Nicholas is sometimes compared with his half-crazy great-great-grandfather Paul, who was strangled by a camarilla acting in  agreement with his own son, Alexander “the Blessed.” These two Romanovs were actually alike in their distrust of  everybody due to a distrust of themselves, their touchiness as of omnipotent nobodies, their feeling of abnegation, their  consciousness, as you might say, of being crowned pariahs. But Paul was incomparably more colourful; there was an element of  fancy in his rantings, however irresponsible. In his descendant everything was dim; there was not one sharp trait.
Nicholas was not only unstable, but treacherous. Flatterers called him a charmer, bewitcher, because of his gentle way with  the courtiers. But the tzar reserved his special caresses for just those officials whom he had decided to dismiss. Charmed beyond  measure at a reception, the minister would go home and find a letter requesting his resignation. That was a kind of revenge on  the tzar’s part for his own nonentity.

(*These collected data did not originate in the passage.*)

definition special_map :: "('a \<Rightarrow> 'a) \<Rightarrow> ('a \<Rightarrow> nat) \<Rightarrow> 'a \<times> nat \<Rightarrow> 'a \<times> nat" where
  "special_map TB h p = (case p of (b, z) \<Rightarrow>
      if z + 1 < h b then (b, z + 1) else (TB b, 0))"

definition tds_isomorphic ::
  "'a::topological_space set \<Rightarrow> ('a \<Rightarrow> 'a) \<Rightarrow> 'b::topological_space set \<Rightarrow> ('b \<Rightarrow> 'b) \<Rightarrow> bool" where
  "tds_isomorphic X S Y T \<longleftrightarrow>
     (\<exists>\<phi> \<psi>. homeomorphism X Y \<phi> \<psi> \<and> (\<forall>x\<in>X. \<phi> (S x) = T (\<phi> x)))"

end

theory Submission
  imports Defs
begin

text \<open>
  Every aperiodic zero-dimensional system (Z, S) is a Kakutani-Rokhlin tower over a clopen
  base B whose return times all lie in {N+1, ..., 2N+1}.

  The base is a marker set: a clopen set B that no point revisits within N steps
  (B is N-separated) and whose N-neighbourhood, the set of points at orbit distance at
  most N from B, is all of Z.  Aperiodicity, the Hausdorff property and
  zero-dimensionality give every point an N-separated clopen neighbourhood; compactness
  selects finitely many, and a greedy merge turns them into a single marker set.

  Separation forces the first return time h of B to be at least N+1, covering forces it
  to be at most 2N+1.  The level sets of h are closed, so h and the first return map
  are continuous.  Finally the tower map (b, z) \<mapsto> S^z b is a continuous bijection from the
  special space of (B, first return, h) onto Z intertwining the special map with S; by
  compactness it is the required isomorphism, and the first return map is a
  homeomorphism of B because it is conjugated, inside the tower, to S.
\<close>

lemma homeomorphism_funpow:
  assumes "homeomorphism Z Z S S'"
  shows "homeomorphism Z Z (S ^^ n) (S' ^^ n)"
proof (induction n)
  case 0
  show ?case by (simp add: homeomorphism_ident id_def)
next
  case (Suc n)
  have "homeomorphism Z Z (S \<circ> S ^^ n) (S' ^^ n \<circ> S')"
    using Suc.IH assms by (rule homeomorphism_compose)
  then show ?case by (metis funpow.simps(2) funpow_Suc_right)
qed

lemma tds_isomorphicI:
  assumes hom: "homeomorphism Q Z \<psi> \<phi>"
    and maps: "\<And>q. q \<in> Q \<Longrightarrow> T q \<in> Q"
    and equiv: "\<And>q. q \<in> Q \<Longrightarrow> \<psi> (T q) = S (\<psi> q)"
  shows "tds_isomorphic Z S Q T"
  unfolding tds_isomorphic_def
proof (intro exI conjI ballI)
  show "homeomorphism Z Q \<phi> \<psi>" using hom by (rule homeomorphism_symD)
  fix x assume x: "x \<in> Z"
  have q: "\<phi> x \<in> Q" and \<psi>\<phi>: "\<psi> (\<phi> x) = x"
    using hom x by (auto simp: homeomorphism_def)
  have "\<phi> (S x) = \<phi> (\<psi> (T (\<phi> x)))" using equiv[OF q] \<psi>\<phi> by simp
  also have "\<dots> = T (\<phi> x)" using hom maps[OF q] by (simp add: homeomorphism_apply1)
  finally show "\<phi> (S x) = T (\<phi> x)" .
qed

definition clopen_in :: "'a::topological_space set \<Rightarrow> 'a set \<Rightarrow> bool" where
  "clopen_in Z A \<longleftrightarrow> openin (top_of_set Z) A \<and> closedin (top_of_set Z) A"

lemma clopen_in_Un: "clopen_in Z A \<Longrightarrow> clopen_in Z C \<Longrightarrow> clopen_in Z (A \<union> C)"
  by (simp add: clopen_in_def openin_Un closedin_Un)

lemma clopen_in_Diff: "clopen_in Z A \<Longrightarrow> clopen_in Z C \<Longrightarrow> clopen_in Z (A - C)"
  by (simp add: clopen_in_def openin_diff closedin_diff)

lemma clopen_in_UN:
  "finite I \<Longrightarrow> (\<And>i. i \<in> I \<Longrightarrow> clopen_in Z (A i)) \<Longrightarrow> clopen_in Z (\<Union>i\<in>I. A i)"
  unfolding clopen_in_def by (auto intro: openin_Union closedin_Union)

lemma clopen_in_preimage:
  assumes "continuous_on Z f" "f \<in> Z \<rightarrow> Z" "clopen_in Z A"
  shows "clopen_in Z (Z \<inter> f -` A)"
  using assms unfolding clopen_in_def
  by (simp add: continuous_openin_preimage continuous_closedin_preimage_gen)

lemma clopen_in_subset: "clopen_in Z A \<Longrightarrow> A \<subseteq> Z"
  unfolding clopen_in_def using openin_imp_subset by blast

lemma nbhd_disjoint_from_image:
  fixes f :: "'a \<Rightarrow> 'a::t2_space"
  assumes "continuous_on Z f" "x \<in> Z" "f x \<noteq> x"
  obtains V where "openin (top_of_set Z) V" "x \<in> V" "\<And>u. u \<in> V \<Longrightarrow> f u \<notin> V"
proof -
  obtain A C where AC: "open A" "open C" "x \<in> A" "f x \<in> C" "A \<inter> C = {}"
    using separation_t2 assms(3) by metis
  let ?V = "(Z \<inter> A) \<inter> (Z \<inter> f -` C)"
  have "openin (top_of_set Z) ?V"
    using AC assms(1) by (intro openin_Int openin_open_Int continuous_openin_preimage_gen)
  moreover have "f u \<notin> ?V" if "u \<in> ?V" for u using that AC by auto
  ultimately show thesis using that AC assms(2) by auto
qed

section \<open>Marker sets of an aperiodic zero-dimensional system\<close>

locale aperiodic_zd_system =
  fixes Z :: "'a::metric_space set" and S S' :: "'a \<Rightarrow> 'a" and N :: nat
  assumes compact_Z: "compact Z" and homeo: "homeomorphism Z Z S S'"
    and aper: "aperiodic Z S" and zero_dim: "zero_dimensional Z" and N_pos: "N > 0"
begin

lemma closed_Z: "closed Z"
  using compact_Z by (rule compact_imp_closed)

lemma compact_closed_subset:
  assumes "closed A" "A \<subseteq> Z"
  shows "compact A"
  using compact_Int_closed[OF compact_Z assms(1)] assms(2) by (simp add: Int_absorb1)

lemma S_in [simp]: "x \<in> Z \<Longrightarrow> S x \<in> Z"
  and inv_S_in [simp]: "x \<in> Z \<Longrightarrow> S' x \<in> Z"
  and inv_S_cancel [simp]: "x \<in> Z \<Longrightarrow> S' (S x) = x"
  and S_cancel [simp]: "x \<in> Z \<Longrightarrow> S (S' x) = x"
  using homeo unfolding homeomorphism_def by auto

lemma iterate_homeo: "homeomorphism Z Z (S ^^ n) (S' ^^ n)"
  using homeo by (rule homeomorphism_funpow)

lemma iterate_in [simp]: "x \<in> Z \<Longrightarrow> (S ^^ n) x \<in> Z"
  and inv_iterate_in [simp]: "x \<in> Z \<Longrightarrow> (S' ^^ n) x \<in> Z"
  and inv_iterate_cancel [simp]: "x \<in> Z \<Longrightarrow> (S' ^^ n) ((S ^^ n) x) = x"
  and iterate_cancel [simp]: "x \<in> Z \<Longrightarrow> (S ^^ n) ((S' ^^ n) x) = x"
  and continuous_iterate: "continuous_on Z (S ^^ n)"
  and continuous_inv_iterate: "continuous_on Z (S' ^^ n)"
  using iterate_homeo[of n] unfolding homeomorphism_def by auto

lemma inv_iterate_after_iterate: "x \<in> Z \<Longrightarrow> i \<le> n \<Longrightarrow> (S' ^^ i) ((S ^^ n) x) = (S ^^ (n - i)) x"
  by (auto simp: funpow_add dest!: le_Suc_ex)

lemma iterate_after_inv_iterate: "x \<in> Z \<Longrightarrow> i \<le> n \<Longrightarrow> (S ^^ i) ((S' ^^ n) x) = (S' ^^ (n - i)) x"
  by (auto simp: funpow_add dest!: le_Suc_ex)

definition separated :: "'a set \<Rightarrow> bool" where
  "separated A \<longleftrightarrow> (\<forall>u\<in>A. \<forall>i\<in>{1..N}. (S ^^ i) u \<notin> A)"

definition orbit_nbhd :: "'a set \<Rightarrow> 'a set" where
  "orbit_nbhd A = {u\<in>Z. \<exists>i\<le>N. (S ^^ i) u \<in> A \<or> (S' ^^ i) u \<in> A}"

lemma orbit_nbhd_mono: "A \<subseteq> C \<Longrightarrow> orbit_nbhd A \<subseteq> orbit_nbhd C"
  unfolding orbit_nbhd_def by blast

lemma subset_orbit_nbhd: "A \<subseteq> Z \<Longrightarrow> A \<subseteq> orbit_nbhd A"
  unfolding orbit_nbhd_def by (auto intro!: exI[of _ 0])

lemma clopen_orbit_nbhd:
  assumes "clopen_in Z A"
  shows "clopen_in Z (orbit_nbhd A)"
proof -
  have "orbit_nbhd A = (\<Union>i\<in>{..N}. (Z \<inter> (S ^^ i) -` A) \<union> (Z \<inter> (S' ^^ i) -` A))"
    unfolding orbit_nbhd_def by auto
  moreover have "clopen_in Z (\<Union>i\<in>{..N}. (Z \<inter> (S ^^ i) -` A) \<union> (Z \<inter> (S' ^^ i) -` A))"
    using assms
    by (intro clopen_in_UN clopen_in_Un clopen_in_preimage continuous_iterate
        continuous_inv_iterate) auto
  ultimately show ?thesis by simp
qed

text \<open>Adding to a separated set A the part of a separated set U that is far from A
  keeps it separated: the two pieces cannot reach each other within N steps.\<close>
lemma separated_extend:
  assumes "separated A" "separated U" "A \<subseteq> Z" "U \<subseteq> Z"
  shows "separated (A \<union> (U - orbit_nbhd A))"
  unfolding separated_def
proof (intro ballI notI)
  fix u i assume u: "u \<in> A \<union> (U - orbit_nbhd A)" and i: "i \<in> {1..N}"
    and v: "(S ^^ i) u \<in> A \<union> (U - orbit_nbhd A)"
  have uZ: "u \<in> Z" using u assms(3,4) by auto
  have "(S ^^ i) u \<in> orbit_nbhd A" if "u \<in> A"
    using that uZ i unfolding orbit_nbhd_def by (auto intro!: exI[of _ i])
  moreover have "u \<in> orbit_nbhd A" if "(S ^^ i) u \<in> A"
    using that uZ i unfolding orbit_nbhd_def by auto
  ultimately show False
    using u v i assms(1,2) unfolding separated_def by blast
qed

definition greedy_union :: "'a set list \<Rightarrow> 'a set" where
  "greedy_union Us = foldr (\<lambda>U A. A \<union> (U - orbit_nbhd A)) Us {}"
(* Let $\mathcal{A}$ be a commutative integral domain with unit and of characteristic zero, and let $\mathcal{X}$ be a nonzero locally nilpotent derivation of $\mathcal{A}$. Let $s\in\mathcal{A}$ be a local slice of $\mathcal{X}$, put $c=\mathcal{X}(s)$, and let $p,c_1\in\mathcal{A}$ be such that $c=pc_1$. Then there exists $s_1\in\mathcal{A}$ with $\mathcal{X}(s_1)=c_1$ if and only if the ideal $p\mathcal{A}$ contains an element of the form $s+a$ with $a\in\mathcal{A}^{\mathcal{X}}$.
   Context: A derivation $\mathcal{X}$ of $\mathcal{A}$ is locally nilpotent if for every $a\in\mathcal{A}$ there is $n\ge1$ with $\mathcal{X}^n(a)=0$. The ring of constants is $\mathcal{A}^{\mathcal{X}}=\{a\in\mathcal{A}:\mathcal{X}(a)=0\}$. An element $s\in\mathcal{A}$ is a local slice of $\mathcal{X}$ if $\mathcal{X}(s)\neq0$ and $\mathcal{X}^2(s)=0$. *)

theory Defs
  imports Main
begin

definition is_derivation :: "('a::comm_ring_1 \<Rightarrow> 'a) \<Rightarrow> bool" where
  "is_derivation D \<longleftrightarrow>
     (\<forall>a b. D (a + b) = D a + D b) \<and> (\<forall>a b. D (a * b) = a * D b + D a * b)"

definition locally_nilpotent :: "('a::comm_ring_1 \<Rightarrow> 'a) \<Rightarrow> bool" where
  "locally_nilpotent D \<longleftrightarrow> (\<forall>a. \<exists>n\<ge>1. (D ^^ n) a = 0)"

definition constants :: "('a::comm_ring_1 \<Rightarrow> 'a) \<Rightarrow> 'a set" where
  "constants D = {a. D a = 0}"

definition local_slice :: "('a::comm_ring_1 \<Rightarrow> 'a) \<Rightarrow> 'a \<Rightarrow> bool" where
  "local_slice D s \<longleftrightarrow> D s \<noteq> 0 \<and> D (D s) = 0"

end

theory Submission
  imports Defs
begin

text \<open>
  The kernel of a locally nilpotent derivation of a domain of characteristic zero is factorially
  closed: if \<open>X\<^sup>m x\<close> and \<open>X\<^sup>n y\<close> are the last nonzero iterates, Leibniz' rule gives
  \<open>X\<^sup>m\<^sup>+\<^sup>n (x y) = (m+n choose m) X\<^sup>m x X\<^sup>n y \<noteq> 0\<close>, so \<open>X (x y) = 0\<close> forces \<open>m = n = 0\<close>.
  Hence \<open>X s = p c\<^sub>1\<close> with \<open>X (X s) = 0\<close> gives \<open>X p = 0\<close>. Now if \<open>X s\<^sub>1 = c\<^sub>1\<close> then
  \<open>a = p s\<^sub>1 - s\<close> is a constant with \<open>p \<bar> s + a\<close>; conversely, if \<open>s + a = p t\<close> with \<open>X a = 0\<close>,
  then \<open>p X t = X s = p c\<^sub>1\<close>, and cancelling \<open>p\<close> gives \<open>X t = c\<^sub>1\<close>.
\<close>

lemma binomial_sum_Suc:
  fixes f :: "nat \<Rightarrow> nat \<Rightarrow> 'a::comm_semiring_1"
  shows "(\<Sum>i\<le>Suc n. of_nat (Suc n choose i) * f i (Suc n - i))
       = (\<Sum>i\<le>n. of_nat (n choose i) * (f (Suc i) (n - i) + f i (Suc n - i)))"
proof -
  have shifted: "(\<Sum>i\<le>n. of_nat (n choose i) * f i (Suc n - i))
      = f 0 (Suc n) + (\<Sum>i\<le>n. of_nat (n choose Suc i) * f (Suc i) (n - i))"
  proof -
    have "(\<Sum>i\<le>n. of_nat (n choose i) * f i (Suc n - i))
        = (\<Sum>i\<le>Suc n. of_nat (n choose i) * f i (Suc n - i))"
      by (simp add: binomial_eq_0)
    also have "\<dots> = f 0 (Suc n) + (\<Sum>i\<le>n. of_nat (n choose Suc i) * f (Suc i) (n - i))"
      by (subst sum.atMost_Suc_shift) simp
    finally show ?thesis .
  qed
  have "(\<Sum>i\<le>Suc n. of_nat (Suc n choose i) * f i (Suc n - i))
      = f 0 (Suc n) + (\<Sum>i\<le>n. of_nat (Suc n choose Suc i) * f (Suc i) (n - i))"
    by (subst sum.atMost_Suc_shift) simp
  also have "\<dots> = (\<Sum>i\<le>n. of_nat (n choose i) * f (Suc i) (n - i))
      + (f 0 (Suc n) + (\<Sum>i\<le>n. of_nat (n choose Suc i) * f (Suc i) (n - i)))"
    by (simp add: algebra_simps sum.distrib)
  also have "\<dots> = (\<Sum>i\<le>n. of_nat (n choose i) * (f (Suc i) (n - i) + f i (Suc n - i)))"
    by (simp only: shifted[symmetric] distrib_left sum.distrib)
  finally show ?thesis .
qed

context
  fixes X :: "'a::comm_ring_1 \<Rightarrow> 'a"
  assumes derivation: "is_derivation X"
begin

lemma derivation_add: "X (a + b) = X a + X b"
  and derivation_mult: "X (a * b) = a * X b + X a * b"
  using derivation unfolding is_derivation_def by auto

lemma derivation_zero: "X 0 = 0"
  using derivation_add[of 0 0] by simp

lemma derivation_one: "X 1 = 0"
  using derivation_mult[of 1 1] by simp

lemma derivation_of_nat: "X (of_nat n) = 0"
  by (induction n) (simp_all add: derivation_zero derivation_one derivation_add)

lemma derivation_sum: "X (sum f A) = (\<Sum>i\<in>A. X (f i))"
  by (induction A rule: infinite_finite_induct) (simp_all add: derivation_zero derivation_add)

lemma derivation_diff: "X (a - b) = X a - X b"
  using derivation_add[of "a - b" b] by (simp add: algebra_simps)

lemma derivation_funpow_zero: "(X ^^ k) 0 = 0"
  by (induction k) (simp_all add: derivation_zero)

lemma derivation_funpow_mult:
  "(X ^^ n) (x * y) = (\<Sum>i\<le>n. of_nat (n choose i) * ((X ^^ i) x * (X ^^ (n - i)) y))"
proof (induction n)
  case 0
  then show ?case by simp
next
  case (Suc n)
  have "(X ^^ Suc n) (x * y) = X (\<Sum>i\<le>n. of_nat (n choose i) * ((X ^^ i) x * (X ^^ (n - i)) y))"
    using Suc by simp
  also have "\<dots> = (\<Sum>i\<le>n. of_nat (n choose i)
      * ((X ^^ Suc i) x * (X ^^ (n - i)) y + (X ^^ i) x * (X ^^ (Suc n - i)) y))"
    by (auto simp: derivation_sum derivation_mult derivation_of_nat algebra_simps
        Suc_diff_le intro!: sum.cong)
  also have "\<dots> = (\<Sum>i\<le>Suc n. of_nat (Suc n choose i) * ((X ^^ i) x * (X ^^ (Suc n - i)) y))"
    by (rule binomial_sum_Suc[symmetric])
  finally show ?case .
qed

lemma derivation_funpow_mult_top:
  assumes x: "(X ^^ Suc m) x = 0" and y: "(X ^^ Suc n) y = 0"
  shows "(X ^^ (m + n)) (x * y) = of_nat ((m + n) choose m) * ((X ^^ m) x * (X ^^ n) y)"
proof -
  have vanish: "(X ^^ k) z = 0" if "(X ^^ Suc j) z = 0" and "j < k" for j k z
  proof -
    have "k = (k - Suc j) + Suc j"
      using \<open>j < k\<close> by simp
    then have "(X ^^ k) z = (X ^^ (k - Suc j)) ((X ^^ Suc j) z)"
      by (metis funpow_add o_apply)
    with that show ?thesis by (simp add: derivation_funpow_zero)
  qed
  have "(\<Sum>i\<in>{..m + n} - {m}. of_nat ((m + n) choose i) * ((X ^^ i) x * (X ^^ (m + n - i)) y)) = 0"
  proof (rule sum.neutral, rule ballI)
    fix i assume "i \<in> {..m + n} - {m}"
    then have "n < m + n - i \<or> m < i" by auto
    then have "(X ^^ i) x = 0 \<or> (X ^^ (m + n - i)) y = 0"
      using vanish[OF x, of i] vanish[OF y, of "m + n - i"] by blast
    then show "of_nat ((m + n) choose i) * ((X ^^ i) x * (X ^^ (m + n - i)) y) = 0"
      by auto
  qed
  then show ?thesis
    by (simp add: derivation_funpow_mult sum.remove[of _ m])
qed

end

lemma locally_nilpotent_last_nonzero_iterate:
  fixes X :: "'a::comm_ring_1 \<Rightarrow> 'a"
  assumes "locally_nilpotent X" and "x \<noteq> 0"
  obtains m where "(X ^^ m) x \<noteq> 0" and "(X ^^ Suc m) x = 0"
proof -
  obtain n where "(X ^^ n) x = 0"
    using assms(1) unfolding locally_nilpotent_def by blast
  define N where "N = (LEAST k. (X ^^ k) x = 0)"
  have N: "(X ^^ N) x = 0"
    unfolding N_def by (rule LeastI) fact
  then obtain m where m: "N = Suc m"
    using assms(2) by (cases N) auto
  have "(X ^^ m) x \<noteq> 0"
    using not_less_Least[of m "\<lambda>k. (X ^^ k) x = 0"] m unfolding N_def by auto
  with N m that show thesis by blast
qed

lemma locally_nilpotent_kernel_factorially_closed:
  fixes X :: "'a::{idom, ring_char_0} \<Rightarrow> 'a"
  assumes derivation: "is_derivation X" and "locally_nilpotent X"
    and xy: "X (x * y) = 0" and "x \<noteq> 0" and "y \<noteq> 0"
  shows "X x = 0"
proof -
  obtain m where m: "(X ^^ m) x \<noteq> 0" "(X ^^ Suc m) x = 0"
    using locally_nilpotent_last_nonzero_iterate assms(2,4) by blast
  obtain n where n: "(X ^^ n) y \<noteq> 0" "(X ^^ Suc n) y = 0"
    using locally_nilpotent_last_nonzero_iterate assms(2,5) by blast
  have top: "(X ^^ (m + n)) (x * y) \<noteq> 0"
    using m n by (simp add: derivation_funpow_mult_top[OF derivation])
  have "m + n = 0"
  proof (rule ccontr)
    assume "m + n \<noteq> 0"
    then obtain k where "m + n = Suc k"
      by (cases "m + n") auto
    then have "(X ^^ (m + n)) (x * y) = (X ^^ k) (X (x * y))"
      by (simp only: funpow_Suc_right o_apply)
    with top xy show False
      by (simp add: derivation_funpow_zero[OF derivation])
  qed
  with m show ?thesis by simp
qed

theorem lemma3p2:
  fixes X :: "'a::{idom, ring_char_0} \<Rightarrow> 'a"
    and s p c1 :: 'a
  assumes "is_derivation X"
    and "locally_nilpotent X"
    and "X \<noteq> (\<lambda>_. 0)"
    and "local_slice X s"
    and "X s = p * c1"
  shows "(\<exists>s1. X s1 = c1) \<longleftrightarrow> (\<exists>a \<in> constants X. p dvd (s + a))"
proof -
  note derivation = assms(1) and slice = assms(5)
  have "X s \<noteq> 0" "X (X s) = 0"
    using assms(4) unfolding local_slice_def by auto
  then have "p \<noteq> 0" "c1 \<noteq> 0" "X (p * c1) = 0"
    using slice by auto
  then have Xp: "X p = 0"
    using locally_nilpotent_kernel_factorially_closed[OF derivation assms(2)] by blast
  show ?thesis
  proof
    assume "\<exists>s1. X s1 = c1"
    then obtain s1 where "X s1 = c1" by blast
    then have "p * s1 - s \<in> constants X"
      using Xp slice by (simp add: constants_def derivation_diff derivation_mult derivation)
    moreover have "p dvd s + (p * s1 - s)" by simp
    ultimately show "\<exists>a \<in> constants X. p dvd (s + a)" by blast
  next
    assume "\<exists>a \<in> constants X. p dvd (s + a)"
    then obtain a t where a: "X a = 0" and t: "s + a = p * t"
      unfolding constants_def by (auto simp: dvd_def)
    have "p * X t = p * c1"
      using arg_cong[OF t, of X] a Xp slice by (auto simp: derivation_add derivation_mult derivation)
    with \<open>p \<noteq> 0\<close> have "X t = c1" by (metis mult_cancel_left)
    then show "\<exists>s1. X s1 = c1" ..
  qed
qed

end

Nicholas recoiled in hostility before everything gifted and significant. He felt at ease only among completely mediocre and  brainless people, saintly fakers, holy men, to whom he did not have to look up. He had his amour propre, indeed it was  rather keen. But it was not active, not possessed of a grain of initiative, enviously defensive. He selected his ministers on a  principle of continual deterioration. Men of brain and character he summoned only in extreme situations when there was no other  way out, just as we call in a surgeon to save our lives. It was so with Witte, and afterwards with Stolypin. The tzar treated  both with ill-concealed hostility. As soon as the crisis had passed, he hastened to part with these counsellors who were too tall  for him. This selection operated so systematically that the president of the last Duma, Rodzianko, on the 7th of January 1917, with the revolution already knocking at the doors, ventured to say to the tzar: “Your  Majesty, there is not one reliable or honest man left around you; all the best men have been removed or have retired. There  remain only those of ill repute.”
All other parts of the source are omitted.